▶ _The task_: In the records that follow, find the line with "bs x = foldl"; from there, retype every line exactly through the line with "else if i = 3", which also belongs to the answer.

[Collected data]
··········

lemma shallow_net_of_coordinates:
  assumes "\<And>i. i < m \<Longrightarrow> relu_sum n w (\<lambda>x. F x i)"
  shows "shallow_net n m (m * w) F"
proof -
  have "shallow_net n m (l * w) (\<lambda>x i. if i < l then F x i else 0)" if "l \<le> m" for l
    using that
  proof (induction l)
    case 0
    then show ?case using shallow_net_zero by simp
  next
    case (Suc l)
    have "shallow_net n m (l * w + w) (\<lambda>x i. (if i < l then F x i else 0) + (if i = l then F x l else 0))"
      using Suc by (intro shallow_net_add shallow_net_coordinate assms) auto
    moreover have "(\<lambda>x i. (if i < l then F x i else 0) + (if i = l then F x l else 0)) =
        (\<lambda>x i. if i < Suc l then F x i else 0)"
      by (auto intro!: ext)
    ultimately show ?case
      by (simp add: add.commute)
  qed
  from this[of m] show ?thesis
    unfolding shallow_net_def by simp
qed

definition layer :: "(nat \<Rightarrow> real) \<Rightarrow> (nat \<Rightarrow> nat \<Rightarrow> real) \<times> (nat \<Rightarrow> real) \<times> nat \<Rightarrow> nat \<Rightarrow> real" where
  "layer = (\<lambda>h (A, b, d). mat_app A d (relu_shift b h))"

text \<open>An entry \<open>(A, b, d)\<close> of \<open>Ls\<close> is a hidden layer of width \<open>d\<close> with bias \<open>b\<close>, followed by
  the matrix \<open>A\<close>; only the first \<open>m\<close> outputs of the network are prescribed.\<close>

definition deep_net :: "nat \<Rightarrow> nat \<Rightarrow> nat \<Rightarrow> nat \<Rightarrow> ((nat \<Rightarrow> real) \<Rightarrow> (nat \<Rightarrow> real)) \<Rightarrow> bool" where
  "deep_net n m L W F \<longleftrightarrow> (\<exists>A0 Ls. length Ls = L \<and> (\<forall>l\<in>set Ls. snd (snd l) \<le> W) \<and>
      (\<forall>x. \<forall>i<m. foldl layer (mat_app A0 n x) Ls i = F x i))"

lemma deep_net_of_shallow:
  assumes "shallow_net n m w F"
  shows "deep_net n m 1 w F"
proof -
  obtain M b Q where "\<forall>x. \<forall>i<m. F x i = (\<Sum>k<w. Q i k * max ((\<Sum>j<n. M k j * x j) - b k) 0)"
    using assms unfolding shallow_net_def by blast
  then show ?thesis
    unfolding deep_net_def
    by (intro exI[of _ M] exI[of _ "[(Q, b, w)]"]) (simp add: layer_def mat_app_def relu_shift_def)
qed

lemma mat_app_mat_app:
  "mat_app B m (mat_app A k h) = mat_app (\<lambda>i j. \<Sum>l<m. B i l * A l j) k h"
proof
  fix i
  have "(\<Sum>l<m. B i l * (\<Sum>j<k. A l j * h j)) = (\<Sum>l<m. \<Sum>j<k. B i l * A l j * h j)"
    by (simp add: sum_distrib_left mult.assoc)
  also have "\<dots> = (\<Sum>j<k. (\<Sum>l<m. B i l * A l j) * h j)"
    by (subst sum.swap) (simp add: sum_distrib_right)
  finally show "mat_app B m (mat_app A k h) i = mat_app (\<lambda>i j. \<Sum>l<m. B i l * A l j) k h i"
    unfolding mat_app_def .
qed

lemma mat_app_cong: "(\<And>j. j < n \<Longrightarrow> x j = y j) \<Longrightarrow> mat_app A n x = mat_app A n y"
  unfolding mat_app_def by (intro ext sum.cong) auto

text \<open>The output matrix of the first network and the input matrix of the second are merged
  into one matrix, so no layer is spent on the composition.\<close>

lemma deep_net_comp:
  assumes F: "deep_net n m La W F" and G: "deep_net m p Lb W G" and "1 \<le> La"
  shows "deep_net n p (La + Lb) W (\<lambda>x. G (F x))"
proof -
  obtain A0 Ls1 where 1: "length Ls1 = La" "\<forall>l\<in>set Ls1. snd (snd l) \<le> W"
    "\<forall>x. \<forall>i<m. foldl layer (mat_app A0 n x) Ls1 i = F x i"
    using F unfolding deep_net_def by blast
  obtain B0 Ls2 where 2: "length Ls2 = Lb" "\<forall>l\<in>set Ls2. snd (snd l) \<le> W"
    "\<forall>x. \<forall>i<p. foldl layer (mat_app B0 m x) Ls2 i = G x i"
    using G unfolding deep_net_def by blast
  obtain Ls1' A b d where Ls1: "Ls1 = Ls1' @ [(A, b, d)]"
    using \<open>1 \<le> La\<close> 1(1) by (cases Ls1 rule: rev_exhaust) auto
  define Ls where "Ls = Ls1' @ [(\<lambda>i j. \<Sum>l<m. B0 i l * A l j, b, d)] @ Ls2"
  have "foldl layer (mat_app A0 n x) Ls = foldl layer (mat_app B0 m (F x)) Ls2" for x
  proof -
    have "mat_app B0 m (foldl layer (mat_app A0 n x) Ls1) = mat_app B0 m (F x)"
      using 1(3) by (intro mat_app_cong) simp
    then show ?thesis
      by (simp add: Ls_def Ls1 layer_def mat_app_mat_app)
  qed
  then have "\<forall>x. \<forall>i<p. foldl layer (mat_app A0 n x) Ls i = G (F x) i"
    using 2(3) by simp
  moreover have "length Ls = La + Lb" "\<forall>l\<in>set Ls. snd (snd l) \<le> W"
    using 1 2 by (auto simp: Ls_def Ls1)
  ultimately show ?thesis
    unfolding deep_net_def by blast
qed

lemma deep_net_chain:
  assumes "Fs \<noteq> []" "\<forall>F\<in>set Fs. shallow_net k k W F"
  shows "deep_net k k (length Fs) W (run Fs)"
  using assms
proof (induction Fs)
  case Nil
  then show ?case by simp
next
  case (Cons F Fs)
  have F: "deep_net k k 1 W F"
    using Cons.prems(2) deep_net_of_shallow[of k k W F] by simp
  show ?case
  proof (cases "Fs = []")
    case True
    then show ?thesis
      using F by (simp add: fun_eq_iff)
  next
    case False
    then have "deep_net k k (1 + length Fs) W (\<lambda>x. run Fs (F x))"
      using Cons by (intro deep_net_comp[OF F]) auto
    then show ?thesis
      by (simp add: fun_eq_iff)
  qed
qed

lemma deep_net_relu_net:
  assumes "deep_net n m L W F"
  shows "\<exists>d As bs. is_relu_net n m L W d As bs \<and> (\<forall>x. \<forall>i<m. relu_net_eval d As bs x i = F x i)"
proof -
  obtain A0 Ls where h: "length Ls = L" "\<forall>l\<in>set Ls. snd (snd l) \<le> W"
    "\<forall>x. \<forall>i<m. foldl layer (mat_app A0 n x) Ls i = F x i"
    using assms unfolding deep_net_def by blast
  define d where "d = n # map (\<lambda>l. snd (snd l)) Ls @ [m]"
  define As where "As = A0 # map fst Ls"
  define bs where "bs = map (\<lambda>l. fst (snd l)) Ls"
  have "zip (map fst Ls) (zip (map (\<lambda>l. fst (snd l)) Ls) (map (\<lambda>l. snd (snd l)) Ls @ [m])) = Ls"
    by (induction Ls) auto
  then have "relu_net_eval d As bs x = foldl layer (mat_app A0 n x) Ls" for x
    by (simp add: relu_net_eval_def d_def As_def bs_def layer_def)
  moreover have "is_relu_net n m L W d As bs"
    unfolding is_relu_net_def
  proof (intro conjI ballI)
    show "length d = L + 2" "d ! 0 = n" "d ! (L + 1) = m" "length As = L + 1" "length bs = L"
      using h(1) by (auto simp: d_def As_def bs_def nth_append)
    fix l assume l: "l \<in> {1..L}"
    then have "d ! l = snd (snd (Ls ! (l - 1)))"
      using h(1) by (cases l) (auto simp: d_def nth_append)
    then show "d ! l \<le> W"
      using h l by auto
  qed
  ultimately show ?thesis
    using h(3) by (intro exI[of _ d] exI[of _ As] exI[of _ bs]) auto
qed

section \<open>The approximating network\<close>

text \<open>The two cosines of \<open>fourier_psi_product\<close> are computed side by side: \<open>twin T\<close> runs the
  machine step \<open>T\<close> on coordinates 0--2 and 3--5.\<close>

definition state_pair :: "state \<Rightarrow> state \<Rightarrow> nat \<Rightarrow> real" where
  "state_pair P Q i =
     (if i = 0 then fst P else if i = 1 then fst (snd P) else if i = 2 then snd (snd P)
      else if i = 3 then fst Q else if i = 4 then fst (snd Q) else if i = 5 then snd (snd Q) else 0)"

definition twin :: "(state \<Rightarrow> state) \<Rightarrow> (nat \<Rightarrow> real) \<Rightarrow> (nat \<Rightarrow> real)" where
  "twin T x = state_pair (T (x 0, x 1, x 2)) (T (x 3, x 4, x 5))"

lemma run_twin: "run (map twin Ts) (state_pair P Q) = state_pair (run Ts P) (run Ts Q)"
proof (induction Ts arbitrary: P Q)
  case Nil
  then show ?case by simp
next
  case (Cons T Ts)
  have "twin T (state_pair P Q) = state_pair (T P) (T Q)"
    by (simp add: twin_def state_pair_def)
  then show ?case
    using Cons.IH by simp
qed

lemma twin_shallow_net:
  assumes "\<And>c. c \<in> {0, 3} \<Longrightarrow> relu_sum 6 w (\<lambda>x. fst (T (x c, x (c + 1), x (c + 2))))"
    and "\<And>c. c \<in> {0, 3} \<Longrightarrow> relu_sum 6 w (\<lambda>x. fst (snd (T (x c, x (c + 1), x (c + 2)))))"
    and "\<And>c. c \<in> {0, 3} \<Longrightarrow> relu_sum 6 w (\<lambda>x. snd (snd (T (x c, x (c + 1), x (c + 2)))))"
  shows "shallow_net 6 6 (6 * w) (twin T)"
proof (rule shallow_net_of_coordinates)
  fix i :: nat assume "i < 6"
  then have "i \<in> {0, 1, 2, 3, 4, 5}" by auto
  then show "relu_sum 6 w (\<lambda>x. twin T x i)"
    using assms[of 0] assms[of 3] by (elim insertE emptyE) (simp_all add: twin_def state_pair_def numeral_2_eq_2)
qed

text \<open>Every register of a machine step is a sum of at most 5 ReLUs, so one step is a hidden layer
  of width \<open>6 * 5 = 30\<close>.\<close>

lemma twin_hat_step: "shallow_net 6 6 30 (twin (hat_step s))"
proof -
  have "relu_sum 6 5 (\<lambda>x. fst (hat_step s (x c, x (c + 1), x (c + 2))))"
    and "relu_sum 6 5 (\<lambda>x. fst (snd (hat_step s (x c, x (c + 1), x (c + 2)))))"
    and "relu_sum 6 5 (\<lambda>x. snd (snd (hat_step s (x c, x (c + 1), x (c + 2)))))"
    if "c \<in> {0, 3}" for c
  proof -
    have x: "affine_in 6 (\<lambda>x. x c)" "affine_in 6 (\<lambda>x. x (c + 1))" "affine_in 6 (\<lambda>x. x (c + 2))"
      using that by (auto intro: affine_in_coord)
    show "relu_sum 6 5 (\<lambda>x. fst (hat_step s (x c, x (c + 1), x (c + 2))))"
      by (rule relu_sum_cong_le[OF relu_sum_affine[OF x(1)]]) (simp_all add: hat_step_def)
    show "relu_sum 6 5 (\<lambda>x. fst (snd (hat_step s (x c, x (c + 1), x (c + 2)))))"
      by (rule relu_sum_cong_le[OF relu_sum_hat[OF x(2)]]) (simp_all add: hat_step_def)
    show "relu_sum 6 5 (\<lambda>x. snd (snd (hat_step s (x c, x (c + 1), x (c + 2)))))"
      by (rule relu_sum_cong_le[OF relu_sum_add[OF relu_sum_affine[OF x(3)]
            relu_sum_scale[OF relu_sum_hat[OF x(2)], of "1 / 4 ^ s"]]])
        (simp_all add: hat_step_def)
  qed
  then show ?thesis
    using twin_shallow_net[of 5 "hat_step s"] by simp
qed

··········

▶ _Task response_:
  then have "relu_net_eval d As bs x = foldl layer (mat_app A0 n x) Ls" for x
    by (simp add: relu_net_eval_def d_def As_def bs_def layer_def)
  moreover have "is_relu_net n m L W d As bs"
    unfolding is_relu_net_def
  proof (intro conjI ballI)
    show "length d = L + 2" "d ! 0 = n" "d ! (L + 1) = m" "length As = L + 1" "length bs = L"
      using h(1) by (auto simp: d_def As_def bs_def nth_append)
    fix l assume l: "l \<in> {1..L}"
    then have "d ! l = snd (snd (Ls ! (l - 1)))"
      using h(1) by (cases l) (auto simp: d_def nth_append)
    then show "d ! l \<le> W"
      using h l by auto
  qed
  ultimately show ?thesis
    using h(3) by (intro exI[of _ d] exI[of _ As] exI[of _ bs]) auto
qed

section \<open>The approximating network\<close>

text \<open>The two cosines of \<open>fourier_psi_product\<close> are computed side by side: \<open>twin T\<close> runs the
  machine step \<open>T\<close> on coordinates 0--2 and 3--5.\<close>

definition state_pair :: "state \<Rightarrow> state \<Rightarrow> nat \<Rightarrow> real" where
  "state_pair P Q i =
     (if i = 0 then fst P else if i = 1 then fst (snd P) else if i = 2 then snd (snd P)
      else if i = 3 then fst Q else if i = 4 then fst (snd Q) else if i = 5 then snd (snd Q) else 0)"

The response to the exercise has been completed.